The freestyle skier was awarded a near unmatchable score of 26.31, a full 1.6 points ahead of his compatriot Mikael Kingsbury, who took silver.
Despite Canada’s domination in this event, there was also satisfaction for host nation Russia, with Alexandr Smyshlyaev’s score of 24.34 just edging out Marc-Antoine Gagnon for bronze and preventing a clean sweep for the North American country.
Bilodeau became the first moguls skier to defend an Olympic title after an almost flawless final run that saw him fend off the challenge of reigning world champion Kingsbury, who was effectively ruled out of contention for gold by a couple of small mistakes.
It was a devastating performance from Bilodeau, who saved his best until last after qualifying in third place for the final run of six competitors, landing superbly after each of a series of complex jumps.
"I’m delighted with the way I finished,” said the two-time champion, who intends to retire at the end of this season. “I’m going to be going out in the best way possible.”
Source of inspiration
Bilodeau then paid tribute to his older brother, Frederic, who suffers from cerebral palsy and warmly embraced him after his victory.
“My brother is a daily source of inspiration for me,” he said. “Like I often say, if he had been able to live my life, he would have become a triple Olympic champion.”

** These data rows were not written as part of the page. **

lemma Uword_contains_box:
  assumes b: "b \<ge> 2" and d: "d \<ge> 1" and u: "set u \<subseteq> {1..b-1}"
    and y: "torus_proj d y \<in> Uword b d \<zeta> u"
  shows "\<exists>c \<eta>. \<eta> > 0 \<and> (\<forall>z. (\<forall>i\<in>{1..d}. \<bar>z i - c i\<bar> < \<eta>) \<longrightarrow> torus_proj d z \<in> Uword b d \<zeta> u)"
proof -
  define F where "F n = (tmap_lift d \<zeta> ^^ n)" for n
  define gap where "gap n = log b (real (u ! n) + 1) - frac (F n y d)" for n
  have in_U: "torus_proj d (F n y) \<in> Uset b d (u ! n)" if "n < length u" for n
    using y that by (simp add: Uword_def F_def funpow_tmap_torus_proj)
  have "gap n > 0" if "n < length u" for n
    using in_U[OF that] d by (simp add: gap_def Uset_def torus_proj_def)
  define g where "g = Min (insert 1 (gap ` {..<length u}))"
  have "g > 0"
    using \<open>\<And>n. n < length u \<Longrightarrow> gap n > 0\<close> by (simp add: g_def)
  have g_le: "g \<le> gap n" if "n < length u" for n
    unfolding g_def using that by (intro Min_le) auto
  \<comment> \<open>\<open>f\<close> stretches distances by at most \<open>2\<^sup>d\<close>, so along the first \<open>length u\<close> steps
    the image of the box stays within \<open>g/4\<close> of the orbit of \<open>c\<close>.\<close>
  define \<eta> where "\<eta> = g / (4 * (2 ^ d) ^ length u)"
  define c where "c = y(d := y d + g / 2)"
  have "\<eta> > 0" using \<open>g > 0\<close> by (simp add: \<eta>_def)
  have "torus_proj d z \<in> Uword b d \<zeta> u" if z: "\<forall>i\<in>{1..d}. \<bar>z i - c i\<bar> < \<eta>" for z
  proof -
    have "torus_proj d (F n z) \<in> Uset b d (u ! n)" if n: "n < length u" for n
    proof -
      have "\<bar>F n z d - F n c d\<bar> < (2 ^ d) ^ n * \<eta>"
        unfolding F_def using z d by (intro funpow_tmap_lift_dist_less) auto
      also have "\<dots> \<le> (2 ^ d) ^ length u * \<eta>"
        using n \<open>\<eta> > 0\<close> by (intro mult_right_mono power_increasing) auto
      also have "\<dots> = g / 4"
        by (simp add: \<eta>_def)
      finally have "\<bar>F n z d - F n c d\<bar> < g / 4" .
      moreover have "F n c d = F n y d + g / 2"
        unfolding F_def c_def funpow_tmap_lift_shift_last[OF d] by simp
      ultimately have "0 \<le> F n z d - F n y d" "F n z d - F n y d < g"
        using \<open>g > 0\<close> by linarith+
      moreover have "u ! n \<in> {1..b-1}"
        using u n nth_mem by blast
      ultimately show ?thesis
        using g_le[OF n] unfolding gap_def
        by (intro Uset_shift_last[OF b _ _ d in_U[OF n], where \<delta> = "F n z d - F n y d"]) auto
    qed
    then show ?thesis
      by (simp add: Uword_def F_def funpow_tmap_torus_proj torus_proj_in_torus)
  qed
  with \<open>\<eta> > 0\<close> show ?thesis
    by (intro exI[of _ c] exI[of _ \<eta>]) simp
qed

lemma Uword_nonempty_interior:
  assumes "b \<ge> 2" "d \<ge> 1" "set u \<subseteq> {1..b-1}" "torus_proj d y \<in> Uword b d \<zeta> u"
  shows "torus_nonempty_interior d (Uword b d \<zeta> u)"
proof -
  obtain c \<eta> where "\<eta> > 0"
    and box: "\<And>z. \<forall>i\<in>{1..d}. \<bar>z i - c i\<bar> < \<eta> \<Longrightarrow> torus_proj d z \<in> Uword b d \<zeta> u"
    using Uword_contains_box[OF assms] by blast
  define V where "V = torus_proj d ` {z. \<forall>i\<in>{1..d}. \<bar>z i - c i\<bar> < \<eta>}"
  have "torus_open d V"
    unfolding V_def using \<open>\<eta> > 0\<close> by (rule torus_open_proj_box)
  moreover have "torus_proj d c \<in> V"
    unfolding V_def using \<open>\<eta> > 0\<close> by auto
  moreover have "V \<subseteq> Uword b d \<zeta> u"
    unfolding V_def using box by auto
  ultimately show ?thesis
    unfolding torus_nonempty_interior_def by blast
qed

theorem mainTheorem3:
  fixes d b :: nat and a :: real and u :: "nat list"
  assumes "d \<ge> 1" and "b \<ge> 5" and "a > 0"
    and "log (real b) a \<notin> \<rat>"
    and "set u \<subseteq> {1..b-1}"
  shows "is_factor u (wseq b a d) \<longleftrightarrow>
         torus_nonempty_interior d (Uword b d (log (real b) a) u)"
proof -
  have b: "b \<ge> 2" using assms(2) by simp
  note factor_iff = is_factor_iff_orbit_in_Uword[OF b assms(3,1,5)]
  show ?thesis
  proof
    assume "is_factor u (wseq b a d)"
    then obtain k where "torus_proj d (orbit_lift (log b a) k) \<in> Uword b d (log b a) u"
      using factor_iff by blast
    then show "torus_nonempty_interior d (Uword b d (log b a) u)"
      by (rule Uword_nonempty_interior[OF b assms(1,5)])
  next
    assume "torus_nonempty_interior d (Uword b d (log b a) u)"
    then obtain V where V: "torus_open d V" "V \<noteq> {}" "V \<subseteq> Uword b d (log b a) u"
      unfolding torus_nonempty_interior_def by blast
    obtain k where "k \<ge> 1" "torus_proj d (orbit_lift (log b a) k) \<in> V"
      using polynomial_orbit_dense[OF assms(4,1) V(1,2)] unfolding orbit_lift_def by blast
    then show "is_factor u (wseq b a d)"
      using factor_iff V(3) by blast
  qed
qed

end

He also had warm words for his fellow Quebec native, Kingsbury – predicting a glittering future for his 21 year-old team-mate.
"Canadian freestyle has a bright future,” he predicted. “There are lots of young skiers who are making their mark and I’m happy to share the podium with one of them. This guy is going to win everything out there when I go.”
Smyshlyaev’s second run included some eye-catching turns, securing a deserved medal for the 26 year-old – who finished tenth in Vancouver four years ago.